theorem mainTheorem9:
  fixes E0 :: "'x::chilbert \<Rightarrow> 'x" and A0 :: "'x \<Rightarrow> 'x" and D :: "'x set"
    and \<Gamma> :: "'x \<Rightarrow> 'y::chilbert" and \<omega> lam0 :: real
  assumes E0_bounded: "bounded_clinear E0"
    and E0_selfadj: "\<forall>x y. cinner (E0 x) y = cinner x (E0 y)"
    and E0_nonneg: "\<forall>x. 0 \<le> Re (cinner (E0 x) x)"
    and E0_closed_range: "closed (range E0)"
    and D_subspace: "csubspace D"
    and A0_linear: "clinear_on D A0"
    and \<Gamma>_linear: "clinear_on D \<Gamma>"
    and \<Gamma>_bounded: "\<exists>C. \<forall>x\<in>D. norm (\<Gamma> x) \<le> C * graph_norm A0 x"
    and \<Gamma>_surj: "\<Gamma> ` D = UNIV"
    and dissip: "\<forall>x\<in>D. \<Gamma> x = 0 \<longrightarrow> Re (cinner (A0 x - scaleC (complex_of_real \<omega>) (E0 x)) x) \<le> 0"
    and lam0_gt: "lam0 > \<omega>"
    and lam0_surj: "\<forall>y. \<exists>x\<in>D. \<Gamma> x = 0 \<and> scaleC (complex_of_real lam0) (E0 x) - A0 x = y"
    and kernels: "\<forall>x\<in>D. E0 x = 0 \<and> A0 x = 0 \<and> \<Gamma> x = 0 \<longrightarrow> x = 0"
  shows "complex_of_real ` {\<omega><..} \<subseteq> pencil_rho (\<lambda>x. (E0 x, 0)) (\<lambda>x. (A0 x, \<Gamma> x)) D
    \<and> cond_D 2 (pencil_rho (\<lambda>x. (E0 x, 0)) (\<lambda>x. (A0 x, \<Gamma> x)) D)
           (left_resolvent (\<lambda>x. (E0 x, 0)) (\<lambda>x. (A0 x, \<Gamma> x)) D)
    \<and> ((\<forall>x. E0 x = 0 \<longrightarrow> x = 0) \<longrightarrow>
         cond_D 1 (pencil_rho (\<lambda>x. (E0 x, 0)) (\<lambda>x. (A0 x, \<Gamma> x)) D)
           (right_resolvent (\<lambda>x. (E0 x, 0)) (\<lambda>x. (A0 x, \<Gamma> x)) D))"
proof -
  have pencil: "dissipative_pencil E0 A0 {x \<in> D. \<Gamma> x = 0} \<omega>"
    using dissipative_pencil_kernel[OF E0_bounded E0_selfadj E0_nonneg E0_closed_range
        D_subspace A0_linear \<Gamma>_linear dissip kernels] .
  interpret dissipative_pencil E0 A0 "{x \<in> D. \<Gamma> x = 0}" \<omega> by (fact pencil)
  have "solvable lam0" using lam0_surj by (auto simp: solvable_def scaleC_of_real)
  then have rho: "complex_of_real t \<in> pencil_rho (\<lambda>x. (E0 x, 0)) (\<lambda>x. (A0 x, \<Gamma> x)) D"
    if "\<omega> < t" for t
    using boundary_pencil_in_rho[OF D_subspace A0_linear \<Gamma>_linear \<Gamma>_surj E0.linear_axioms]
      solvable_above[OF lam0_gt _ that] pencil_kernel_trivial[OF that]
    by (simp add: solvable_def)
  show ?thesis
    using rho boundary_pencil_left_resolvent_D2[OF pencil rho]
      boundary_pencil_right_resolvent_D1[OF pencil rho] by auto
qed

end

★ ★ ★ ★ ★ ★ ★

WORK TO COMPLETE:
The answer is the run of lines that starts at the one containing "using boundary_pencil_in_rho[OF D_subspace" and ends at the last line of the material, reproduced exactly.

RESULT OF THIS TASK:
    using boundary_pencil_in_rho[OF D_subspace A0_linear \<Gamma>_linear \<Gamma>_surj E0.linear_axioms]
      solvable_above[OF lam0_gt _ that] pencil_kernel_trivial[OF that]
    by (simp add: solvable_def)
  show ?thesis
    using rho boundary_pencil_left_resolvent_D2[OF pencil rho]
      boundary_pencil_right_resolvent_D1[OF pencil rho] by auto
qed

end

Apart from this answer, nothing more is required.